Date: Mon, 20 Nov 1995 18:02:18 -0600 From: "Joseph W. DeVincentis"On the .wav that doesn't work for Preston, the similar sox command for .wav files (just replace aiff with wav) tells me "missing data portion." When I was using wavplay, I found that if you modified the code to be more generous in the allowed error between the data length encoded in the file and the actual length, that it plays many of the .wav files that seem to be encoded with the wrong length. In the wavplay source, near the top of recplay.c, you can set the condition to be more generous.
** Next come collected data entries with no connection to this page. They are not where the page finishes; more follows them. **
lemma Lstar_add: "Lstar (x + y) = Lstar x + Lstar y"
  by (simp add: linLstar_def frobenius_add sum.distrib distrib_left)

lemma Lstar_smult:
  assumes "l \<in> Fq2"
  shows "Lstar (l * x) = l * Lstar x"
proof -
  have "l ^ q ^ (2 * i) = l" for i
    using fixed_field_power_q_mult[OF assms] .
  then show ?thesis
    by (simp add: linLstar_def power_mult_distrib sum_distrib_left mult.left_commute)
qed

lemma LL_add: "LL (x + y) = LL x + LL y"
  by (simp add: LL_def Lstar_add L_add)

lemma LL_smult: "l \<in> Fq2 \<Longrightarrow> LL (l * x) = l * LL x"
  by (simp add: LL_def Lstar_smult L_smult distrib_left)

lemma kerLL_eq: "kerLL q n a = {x. LL x = 0}"
  by (simp add: kerLL_def LL_def)

definition adjoint_term :: "'a \<Rightarrow> 'a \<Rightarrow> nat \<Rightarrow> nat \<Rightarrow> 'a" where
  "adjoint_term w v i k = (a i * w) ^ q ^ (2 * k + 1) * v ^ q ^ (2 * (k + i + 1))"

lemma adjoint_term_period: "adjoint_term w v i (k + n) = adjoint_term w v i k"
proof -
  have "(a i * w) ^ q ^ (2 * (k + n) + 1) = (a i * w) ^ q ^ (2 * k + 1)"
    using power_q_period[of "a i * w" "2 * k + 1"] by (simp add: algebra_simps)
  moreover have "v ^ q ^ (2 * (k + n + i + 1)) = v ^ q ^ (2 * (k + i + 1))"
    using power_q_period[of v "2 * (k + i + 1)"] by (simp add: algebra_simps)
  ultimately show ?thesis
    by (simp add: adjoint_term_def)
qed

lemma power_q_L_term:
  "(w * (a i * (v ^ q) ^ q ^ (2 * i))) ^ q ^ (2 * j + 1) = adjoint_term w v i j"
proof -
  have "(v ^ q) ^ q ^ (2 * i) = v ^ q ^ (2 * i + 1)"
    by (simp flip: power_mult)
  then have "(w * (a i * (v ^ q) ^ q ^ (2 * i))) ^ q ^ (2 * j + 1)
      = (a i * w) ^ q ^ (2 * j + 1) * (v ^ q ^ (2 * i + 1)) ^ q ^ (2 * j + 1)"
    by (simp add: power_mult_distrib mult_ac)
  also have "(v ^ q ^ (2 * i + 1)) ^ q ^ (2 * j + 1) = v ^ q ^ (2 * (j + i + 1))"
    using power_q_power_q[of v "2 * i + 1" "2 * j + 1"] by (simp add: add.commute)
  finally show ?thesis
    by (simp add: adjoint_term_def)
qed

lemma power_q_Lstar_term:
  assumes "i < n"
  shows "(v * (a i ^ q * w ^ q) ^ q ^ (2 * (n - i - 1))) ^ q ^ (2 * j)
    = adjoint_term w v i (j + (n - i - 1))"
proof -
  have "(a i ^ q * w ^ q) ^ q ^ (2 * (n - i - 1)) = (a i * w) ^ q ^ (1 + 2 * (n - i - 1))"
    by (simp add: power_mult_distrib flip: power_mult)
  then have "(v * (a i ^ q * w ^ q) ^ q ^ (2 * (n - i - 1))) ^ q ^ (2 * j)
      = v ^ q ^ (2 * j) * ((a i * w) ^ q ^ (1 + 2 * (n - i - 1))) ^ q ^ (2 * j)"
    by (simp add: power_mult_distrib)
  also have "((a i * w) ^ q ^ (1 + 2 * (n - i - 1))) ^ q ^ (2 * j)
      = (a i * w) ^ q ^ (2 * (j + (n - i - 1)) + 1)"
    using power_q_power_q[of "a i * w" "1 + 2 * (n - i - 1)" "2 * j"] by (simp add: add.commute)
  also have "v ^ q ^ (2 * j) = v ^ q ^ (2 * (j + (n - i - 1) + i + 1))"
  proof -
    have "2 * (j + (n - i - 1) + i + 1) = 2 * n + 2 * j"
      using assms by simp
    then show ?thesis
      using power_q_period[of v "2 * j"] by (simp only: add.commute)
  qed
  finally show ?thesis
    by (simp add: adjoint_term_def mult_ac)
qed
For whatever reason, the author of wavplay set this to only allow an error of 1 byte, but somebody out there is making .wav files with differences of up to 100 or so bytes in the data length. I switched to using Sox because wavplay did a poor job of handling 16-bit .wav's (at least for playing on an 8-bit sound card).
However, the file on Preston's web page is worse, because the data length is set to only 24 bytes! I did some digging to find out why such a stupid thing would be done, by looking at this file in emacs.
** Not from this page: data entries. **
lemma window_weight_sq_le:
  assumes "1 \<le> h n" "2 * h n \<le> n" "n < T"
  defines "D \<equiv> real T - real n + real (h n) - 1"
  shows "(window_weight T h n k)\<^sup>2 \<le>
    (if k \<in> {n - h n + 1..n} then (2 * D)\<^sup>2 / real (h n) ^ 4
     else if k \<in> {n + 1 - 2 * h n..n - h n} then D\<^sup>2 / real (h n) ^ 4 else 0)"
proof -
  have sq_div: "(x / real (h n) ^ 2)\<^sup>2 \<le> y\<^sup>2 / real (h n) ^ 4" if "\<bar>x\<bar> \<le> y" for x y
    using power_mono[OF that abs_ge_zero, of 2] by (simp add: power_divide divide_right_mono flip: power_mult)
  consider (up) "k \<in> {n - h n + 1..n}" | (lo) "k \<notin> {n - h n + 1..n}" "k \<in> {n + 1 - 2 * h n..n - h n}"
    | (out) "k \<notin> {n - h n + 1..n}" "k \<notin> {n + 1 - 2 * h n..n - h n}"
    by blast
  then show ?thesis
  proof cases
    case up
    then have "\<bar>real (h n) + real T - real k\<bar> \<le> 2 * D"
      using assms by (auto simp: D_def)
    from sq_div[OF this] show ?thesis using up by (simp add: window_weight_def)
  next
    case lo
    then have "\<bar>real (k + h n) - real T\<bar> \<le> D"
      using assms by (auto simp: D_def)
    from sq_div[OF this] show ?thesis using lo by (simp add: window_weight_def)
  next
    case out
    then show ?thesis by (simp only: window_weight_def if_False) simp
  qed
qed

lemma sum_window_weight_sq_le:
  assumes "1 \<le> h n" "2 * h n \<le> n" "n < T"
  shows "(\<Sum>k\<in>{1..n}. (window_weight T h n k)\<^sup>2)
    \<le> 5 * (real T - real n + real (h n) - 1)\<^sup>2 / real (h n) ^ 3"
proof -
  define D where "D = real T - real n + real (h n) - 1"
  have "(\<Sum>k\<in>{1..n}. (window_weight T h n k)\<^sup>2)
      \<le> (\<Sum>k\<in>{1..n}. if k \<in> {n - h n + 1..n} then (2 * D)\<^sup>2 / real (h n) ^ 4
           else if k \<in> {n + 1 - 2 * h n..n - h n} then D\<^sup>2 / real (h n) ^ 4 else 0)"
    unfolding D_def by (intro sum_mono window_weight_sq_le assms)
  also have "\<dots> = real (h n) * ((2 * D)\<^sup>2 / real (h n) ^ 4) + real (h n) * (D\<^sup>2 / real (h n) ^ 4)"
    by (subst sum_two_windows) (use assms in auto)
  also have "\<dots> = 5 * D\<^sup>2 / real (h n) ^ 3"
    using assms by (simp add: field_simps power_def)
  finally show ?thesis by (simp add: D_def)
qed

lemma window_error_eq_weighted_noise:
  assumes "1 \<le> h n" "2 * h n \<le> n" "n \<le> pulls I i t \<omega>"
  shows "check_mu mu I eta i T h n \<omega> - tilde_mu mu i T h n
     = (\<Sum>\<tau>\<in>{1..t}. pull_weight I i (window_weight T h n) \<tau> \<omega> * eta \<tau> \<omega>)"
proof -
  have "check_mu mu I eta i T h n \<omega> - tilde_mu mu i T h n
      = (\<Sum>k\<in>{1..n}. window_weight T h n k * (Xobs mu I eta i k \<omega> - mu i k))"
    unfolding check_mu_def tilde_mu_def window_est_eq_sum_window_weight[where h = h and n = n, OF assms(1,2)]
    by (simp add: sum_subtractf right_diff_distrib)
  also have "\<dots> = (\<Sum>k\<in>{1..n}. window_weight T h n k * eta (pull_time I i k \<omega>) \<omega>)"
    using assms(3) by (intro sum.cong refl) (simp add: Xobs_eq_mean_plus_noise[where t = t])
  also have "\<dots> = (\<Sum>k\<in>{1..pulls I i t \<omega>}. window_weight T h n k * eta (pull_time I i k \<omega>) \<omega>)"
    by (rule sum.mono_neutral_left) (use assms(3) window_weight_eq_0 in auto)
  finally show ?thesis by (simp only: sum_pull_weight_mult)
qed

lemma sum_pull_weight_window_sq_le:
  assumes "1 \<le> h n" "2 * h n \<le> n" "n < T"
  shows "(\<Sum>\<tau>\<in>{1..t}. (pull_weight I i (window_weight T h n) \<tau> \<omega>)\<^sup>2)
    \<le> 5 * (real T - real n + real (h n) - 1)\<^sup>2 / real (h n) ^ 3"
proof -
  have "(\<Sum>k\<in>{1..pulls I i t \<omega>}. (window_weight T h n k)\<^sup>2)
      = (\<Sum>k\<in>{1..pulls I i t \<omega>} \<inter> {1..n}. (window_weight T h n k)\<^sup>2)"
    by (rule sum.mono_neutral_right) (auto simp: window_weight_eq_0)
  also have "\<dots> \<le> (\<Sum>k\<in>{1..n}. (window_weight T h n k)\<^sup>2)"
    by (rule sum_mono2) auto
  also have "\<dots> \<le> 5 * (real T - real n + real (h n) - 1)\<^sup>2 / real (h n) ^ 3"
    by (rule sum_window_weight_sq_le[where h = h and n = n, OF assms])
  finally show ?thesis by (simp only: sum_pull_weight_sq)
qed

lemma check_beta_sq:
  assumes "0 \<le> a"
  shows "(check_beta \<sigma> a T h n)\<^sup>2
    = 2 * \<sigma>\<^sup>2 * (5 * (real T - real n + real (h n) - 1)\<^sup>2 / real (h n) ^ 3) * (a / 10)"
  using assms by (simp add: check_beta_def power_mult_distrib)

lemma check_beta_nonneg:
  assumes "0 \<le> \<sigma>" "0 \<le> a" "n < T"
  shows "0 \<le> check_beta \<sigma> a T h n"
  using assms by (simp add: check_beta_def)

lemma window_error_event_subset:
  assumes "\<And>n. 2 * h n \<le> n"
  shows "{\<omega> \<in> S. \<exists>t \<in> {1..T}. 1 \<le> h (pulls I i (t - 1) \<omega>) \<and>
            \<bar>check_mu mu I eta i T h (pulls I i (t - 1) \<omega>) \<omega> - tilde_mu mu i T h (pulls I i (t - 1) \<omega>)\<bar>
              > check_beta \<sigma> a T h (pulls I i (t - 1) \<omega>)}
    \<subseteq> (\<Union>n\<in>{n. n < T \<and> 1 \<le> h n}. {\<omega> \<in> S. check_beta \<sigma> a T h n
         < \<bar>\<Sum>\<tau>\<in>{1..T - 1}. pull_weight I i (window_weight T h n) \<tau> \<omega> * eta \<tau> \<omega>\<bar>})"
proof clarify
  fix \<omega> t
  assume \<omega>: "\<omega> \<in> S" and t: "t \<in> {1..T}" and h1: "1 \<le> h (pulls I i (t - 1) \<omega>)"
    and err: "\<bar>check_mu mu I eta i T h (pulls I i (t - 1) \<omega>) \<omega> - tilde_mu mu i T h (pulls I i (t - 1) \<omega>)\<bar>
      > check_beta \<sigma> a T h (pulls I i (t - 1) \<omega>)"
  define n where "n = pulls I i (t - 1) \<omega>"
  have "n < T"
    using pulls_le[of I i "t - 1" \<omega>] t unfolding n_def atLeastAtMost_iff by arith
  moreover have "n \<le> pulls I i (T - 1) \<omega>"
    using t unfolding n_def by (intro pulls_mono diff_le_mono) simp
  then have "check_mu mu I eta i T h n \<omega> - tilde_mu mu i T h n
      = (\<Sum>\<tau>\<in>{1..T - 1}. pull_weight I i (window_weight T h n) \<tau> \<omega> * eta \<tau> \<omega>)"
    using h1 assms unfolding n_def by (intro window_error_eq_weighted_noise)
  ultimately show "\<omega> \<in> (\<Union>n\<in>{n. n < T \<and> 1 \<le> h n}. {\<omega> \<in> S. check_beta \<sigma> a T h n
         < \<bar>\<Sum>\<tau>\<in>{1..T - 1}. pull_weight I i (window_weight T h n) \<tau> \<omega> * eta \<tau> \<omega>\<bar>})"
    using \<omega> h1 err by (intro UN_I[of n]) (simp_all add: n_def)
qed

locale subgaussian_noise = prob_space M for M :: "'w measure" +
  fixes F :: "nat \<Rightarrow> 'w measure" and eta :: "nat \<Rightarrow> 'w \<Rightarrow> real" and \<sigma> :: real
  assumes filt_sub: "\<And>t. sigma_finite_subalgebra M (F t)"
    and filt_mono: "\<And>t. subalgebra (F (Suc t)) (F t)"
    and eta_adapt: "\<And>t. 1 \<le> t \<Longrightarrow> eta t \<in> borel_measurable (F t)"
    and eta_subgauss: "\<And>t \<xi>. 1 \<le> t \<Longrightarrow>
          AE \<omega> in M. nn_cond_exp M (F (t - 1)) (\<lambda>\<omega>. ennreal (exp (\<xi> * eta t \<omega>))) \<omega>
                       \<le> ennreal (exp (\<sigma>\<^sup>2 * \<xi>\<^sup>2 / 2))"
begin

lemma subalgebra_F: "subalgebra M (F t)"
  using filt_sub sigma_finite_subalgebra.subalg by blast

lemma measurable_F_M: "f \<in> measurable (F t) N \<Longrightarrow> f \<in> measurable M N"
  by (rule measurable_from_subalg[OF subalgebra_F])

lemma measurable_F_mono: "s \<le> t \<Longrightarrow> f \<in> measurable (F s) N \<Longrightarrow> f \<in> measurable (F t) N"
proof (induction t rule: dec_induct)
  case (step t)
  then show ?case using measurable_from_subalg[OF filt_mono[of t]] by blast
qed

definition simple_predictable :: "(nat \<Rightarrow> 'w \<Rightarrow> real) \<Rightarrow> bool" where
  "simple_predictable w \<longleftrightarrow>
     (\<forall>\<tau>\<ge>1. w \<tau> \<in> borel_measurable (F (\<tau> - 1)) \<and> finite (w \<tau> ` space M))"

lemma simple_predictable_scale: "simple_predictable w \<Longrightarrow> simple_predictable (\<lambda>\<tau> \<omega>. l * w \<tau> \<omega>)"
  unfolding simple_predictable_def image_image[of "(*) l" "w _", symmetric, unfolded comp_def]
  by auto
In fact, this file seems to contain two "segments" with the first being a 24 byte "comment". Actually, there is a 3rd segment labeled "WAVE" which contains info about the type of sample, which always seems to come first. The sound data is in a segment which begins with "data" and the data length; the comment is in a segment which begins with "INFO" and the comment length.
If you remove the comment (for those of you following along at home, delete 32 bytes starting at byte 36) then the file plays fine. If this sort of comment is a legitimate feature of a .wav file, then the players/convertors should support it, by skipping ahead to the data track. (If they wanted to be fancy, they could print out the comment...) I suspect that the .wav's I found before for which wavplay reported a "wrong length difference" where the difference was around 50-100 bytes probably had a similar comment at the *end* of the file, though I don't have any such files handy to verify this.
I am sending copies of this article to the authors of wavplay and sox. Hopefully we can see new versions of these programs that handle such comments in the file.